Les chroniques guadeloupéennes #16

Me voici enfin de retour devant un vrai clavier, dans un chez moi. C’est une sensation très étrange : mieux et moins bien que ce que j’imaginais. Mais je t’en parlerai dans le dernier épisode des chroniques. Comme je te disais hier, cet email est en retard parce que j’étais dans l’avion et que je n’avais donc aucune connexion. Hier je te racontais comment j’avais adoré mon expérience dans un restaurant aux Saintes. Voici la suite.

Les avis sur le restaurant de légende

Après cette expérience culinaire, je décide de regarder les avis tripadvisor. Je découvre que le restaurant est noté 4,5. Seulement ? Est-ce que ça veut dire que si je vais dans un restaurant à 4,8 je vais être au-delà de l’extase ?

Mais surtout… qui donne des mauvaises notes à ce restaurant ?

Je regarde les avis à une étoile :

Mon mari et moi avions réservés dans ce restaurant pour mon anniversaire. Malheureusement tout ce qui sort de l'ordinaire et qui était cité dans la carte était indisponible. Nous avons donc annulé notre réservation et avant on était très déçu. Mais il paraît que chez eux, c'est constant.

Ça me dépasse… une grande partie des commentaires négatifs portent là-dessus… alors que moi ça m’a plutôt rassuré. On est arrivé, ils nous ont annoncé qu’ils n’avaient pas de Langouste aujourd’hui : ça prouve que ce sont des ingrédients frais ?

Pourquoi aller dans un tel restaurant si on veut une carte prévisible ?

D’ailleurs, on a découvert après que “maître-restaurateur” était la seule distinction délivrée par l’État dans la cuisine. Or, elle distingue des personnes qui s’engagent notamment à travailler avec des ingrédients frais, justement.

Autre commentaire à une étoile :

Service horriblement long entre les plats, nous avons attendu tellement lgtps que nous n'avions plus faim quand les langoustes sont arrivées. Les plats étaient bons mais nous n'avons pas pu les apprécier. À ne pas rater = le soufflet à la mangue en dessert


On vit vraiment des vies différentes. Si j’écris “à ne pas rater”, je ne peux pas mettre moins que 4…

Dictature sanitaire ?

Les débats sur le Pass Sanitaire continuent. Je me sens tellement dépassé par certaines réactions…

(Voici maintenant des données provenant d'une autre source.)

lemma AE_invertible_data_matrix:
  assumes "absolutely_continuous lborel P" "det (data_matrix \<rho> A k x') \<noteq> 0"
  shows "AE x in P. invertible (data_matrix \<rho> A k x)"
proof -
  have "{x. det (data_matrix \<rho> A k x) = 0} \<in> null_sets P"
    using null_sets_det_data_matrix_eq_0_vector[OF assms(2)] assms(1)
    unfolding absolutely_continuous_def by blast
  then show ?thesis
    by (rule AE_I') (auto simp: invertible_det_nz)
qed

lemma null_sets_det_data_matrix_eq_0_matrix:
  assumes "det (data_matrix \<rho> A' k x) \<noteq> 0"
  shows "{A. det (data_matrix \<rho> A k x) = 0} \<in> null_sets lborel"
proof (rule real_polynomial_function_zero_set_null)
  show "real_polynomial_function (\<lambda>A. det (data_matrix \<rho> A k x))"
    unfolding data_matrix_def
    by (rule real_polynomial_function_det) (simp add: real_polynomial_function_traj_matrix)
qed (rule assms)

lemma det_data_matrix_reindex:
  fixes \<rho> \<rho>' :: "'n::finite \<Rightarrow> nat"
  assumes \<rho>: "bij_betw \<rho> UNIV {..<CARD('n)}" and \<rho>': "bij_betw \<rho>' UNIV {..<CARD('n)}"
  shows "det (data_matrix \<rho> A k x) = of_int (sign (inv_into UNIV \<rho>' \<circ> \<rho>)) * det (data_matrix \<rho>' A k x)"
proof -
  let ?p = "inv_into UNIV \<rho>' \<circ> \<rho>"
  have "bij_betw ?p UNIV UNIV"
    using \<rho> bij_betw_inv_into[OF \<rho>'] by (rule bij_betw_trans)
  then have p: "?p permutes UNIV" by (rule bij_imp_permutes) simp
  have "range \<rho>' = range \<rho>"
    using \<rho> \<rho>' by (simp add: bij_betw_def)
  then have "\<rho>' (?p j) = \<rho> j" for j
    by (simp add: f_inv_into_f)
  then have "data_matrix \<rho> A k x = (\<chi> i j. data_matrix \<rho>' A k x $ i $ ?p j)"
    by (simp add: data_matrix_def del: comp_apply)
  then show ?thesis using det_permute_columns[OF p] by simp
qed

text \<open>With the coordinates ordered by \<open>\<rho>\<close>, the nilpotent shift \<open>e\<^sub>k \<mapsto> e\<^sub>k\<^sub>+\<^sub>1\<close>.\<close>
definition shift_matrix :: "('n \<Rightarrow> nat) \<Rightarrow> real^'n^'n" where
  "shift_matrix \<rho> = (\<chi> i j. if \<rho> i = Suc (\<rho> j) then 1 else 0)"

lemma traj_shift_matrix:
  fixes \<rho> :: "'n::finite \<Rightarrow> nat"
  assumes \<rho>: "bij_betw \<rho> UNIV {..<CARD('n)}" and "k < CARD('n)"
  shows "traj (shift_matrix \<rho>) k (axis (inv_into UNIV \<rho> 0) 1) = axis (inv_into UNIV \<rho> k) 1"
  using \<open>k < CARD('n)\<close>
proof (induction k)
  case 0
  then show ?case by simp
next
  case (Suc k)
  have \<rho>_inv: "\<rho> (inv_into UNIV \<rho> m) = m" if "m < CARD('n)" for m
    using \<rho> that by (auto simp: bij_betw_def f_inv_into_f)
  have "i = inv_into UNIV \<rho> (Suc k) \<longleftrightarrow> \<rho> i = Suc k" for i
    using \<rho>_inv[OF Suc.prems] inv_into_f_f[OF bij_betw_imp_inj_on[OF \<rho>] UNIV_I, of i] by auto
  then have "column (inv_into UNIV \<rho> k) (shift_matrix \<rho>) = axis (inv_into UNIV \<rho> (Suc k)) 1"
    using \<rho>_inv[of k] Suc.prems by (auto simp: column_def shift_matrix_def vec_eq_iff axis_def)
  then show ?case
    using Suc by (simp add: traj_Suc matrix_vector_mult_basis)
qed

lemma data_matrix_shift_matrix:
  fixes \<rho> :: "'n::finite \<Rightarrow> nat"
  assumes \<rho>: "bij_betw \<rho> UNIV {..<CARD('n)}"
  shows "data_matrix \<rho> (shift_matrix \<rho>) 0 (axis (inv_into UNIV \<rho> 0) 1) = mat 1"
proof -
  have "\<rho> j < CARD('n)" "inv_into UNIV \<rho> (\<rho> j) = j" for j
    using \<rho> by (auto simp: bij_betw_def)
  then show ?thesis
    using traj_shift_matrix[OF \<rho>] by (simp add: data_matrix_def vec_eq_iff mat_def axis_def)
qed

lemma matrix_mul_data_matrix: "A ** data_matrix \<rho> A 0 x = data_matrix \<rho> A 1 x"
  by (simp add: data_matrix_def vec_eq_iff matrix_matrix_mult_def traj_Suc matrix_vector_mult_def)

lemma matrix_mul_matrix_inv_right:
  fixes M :: "'a::semiring_1^'n^'m"
  assumes "invertible M"
  shows "M ** matrix_inv M = mat 1"
  using assms unfolding invertible_def matrix_inv_def by (rule someI2_ex) auto

lemma matrix_eq_data_matrix_mul_inv:
  assumes "invertible (data_matrix \<rho> A 0 x)"
  shows "A = data_matrix \<rho> A 1 x ** matrix_inv (data_matrix \<rho> A 0 x)"
proof -
  have "data_matrix \<rho> A 1 x ** matrix_inv (data_matrix \<rho> A 0 x)
      = A ** (data_matrix \<rho> A 0 x ** matrix_inv (data_matrix \<rho> A 0 x))"
    by (simp only: matrix_mul_assoc matrix_mul_data_matrix)
  also have "\<dots> = A"
    using assms by (simp add: matrix_mul_matrix_inv_right)
  finally show ?thesis by simp
qed

theorem theorem23:
  "\<exists>\<A> :: (real^'n^'n) set. \<A> \<in> null_sets lborel \<and>
    (\<forall>(S :: (real^'n) set) (U0 :: (real^'n^'n) set) (Astar :: real^'n^'n)
        (F :: (real^'n) set) (P :: (real^'n) measure) (\<rho> :: 'n \<Rightarrow> nat).
      polyhedron S \<longrightarrow> polyhedron U0 \<longrightarrow> Astar \<in> U0 - \<A> \<longrightarrow>
      F \<subseteq> safe_inf S U0 \<longrightarrow> interior F \<noteq> {} \<longrightarrow>
      prob_space P \<longrightarrow> sets P = sets lborel \<longrightarrow> absolutely_continuous lborel P \<longrightarrow>
      (AE x in P. x \<in> F) \<longrightarrow>
      bij_betw \<rho> UNIV {..<CARD('n)} \<longrightarrow>
      (AE x in P. x \<in> safe_inf S U0 \<and>
                  invertible (data_matrix \<rho> Astar 0 x) \<and>
                  Astar = data_matrix \<rho> Astar 1 x ** matrix_inv (data_matrix \<rho> Astar 0 x)))"
proof -
  obtain \<rho>0 :: "'n \<Rightarrow> nat" where \<rho>0: "bij_betw \<rho>0 UNIV {..<CARD('n)}"
    using ex_bij_betw_finite_nat[of "UNIV :: 'n set"] by (auto simp: atLeast0LessThan)
  define e0 :: "real^'n" where "e0 = axis (inv_into UNIV \<rho>0 0) 1"
  define \<A> :: "(real^'n^'n) set" where "\<A> = {A. det (data_matrix \<rho>0 A 0 e0) = 0}"
  show ?thesis
  proof (intro exI[of _ \<A>] conjI allI impI)
    show "\<A> \<in> null_sets lborel"
      unfolding \<A>_def e0_def
      by (rule null_sets_det_data_matrix_eq_0_matrix[of \<rho>0 "shift_matrix \<rho>0"])
        (simp add: data_matrix_shift_matrix[OF \<rho>0])
    fix S U0 A F P and \<rho> :: "'n \<Rightarrow> nat"
    assume "A \<in> U0 - \<A>" and F: "F \<subseteq> safe_inf S U0" and "absolutely_continuous lborel P"
      and "AE x in P. x \<in> F" and \<rho>: "bij_betw \<rho> UNIV {..<CARD('n)}"
    have "det (data_matrix \<rho> A 0 e0) \<noteq> 0"
      using \<open>A \<in> U0 - \<A>\<close> det_data_matrix_reindex[OF \<rho> \<rho>0] by (simp add: \<A>_def)
    with \<open>absolutely_continuous lborel P\<close> have "AE x in P. invertible (data_matrix \<rho> A 0 x)"
      by (rule AE_invertible_data_matrix)
    with \<open>AE x in P. x \<in> F\<close> show "AE x in P. x \<in> safe_inf S U0 \<and> invertible (data_matrix \<rho> A 0 x) \<and>
        A = data_matrix \<rho> A 1 x ** matrix_inv (data_matrix \<rho> A 0 x)"
      by eventually_elim (use F matrix_eq_data_matrix_mul_inv in blast)
  qed
qed

end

Je ne peux m’empêcher de tweeter :

Des vacances dans les vacances

En vrai, te raconter les Saintes me demanderait des chroniques dans les chroniques. Parce que c’était des vacances dans les vacances.

J’ai lu sur un blog de voyage le conseil de venir uniquement aux Saintes et à Marie-Galante. Pour un deuxième voyage en Guadeloupe. Je valide ce conseil. Ça m’a vraiment donné envie de revenir uniquement pour faire ça.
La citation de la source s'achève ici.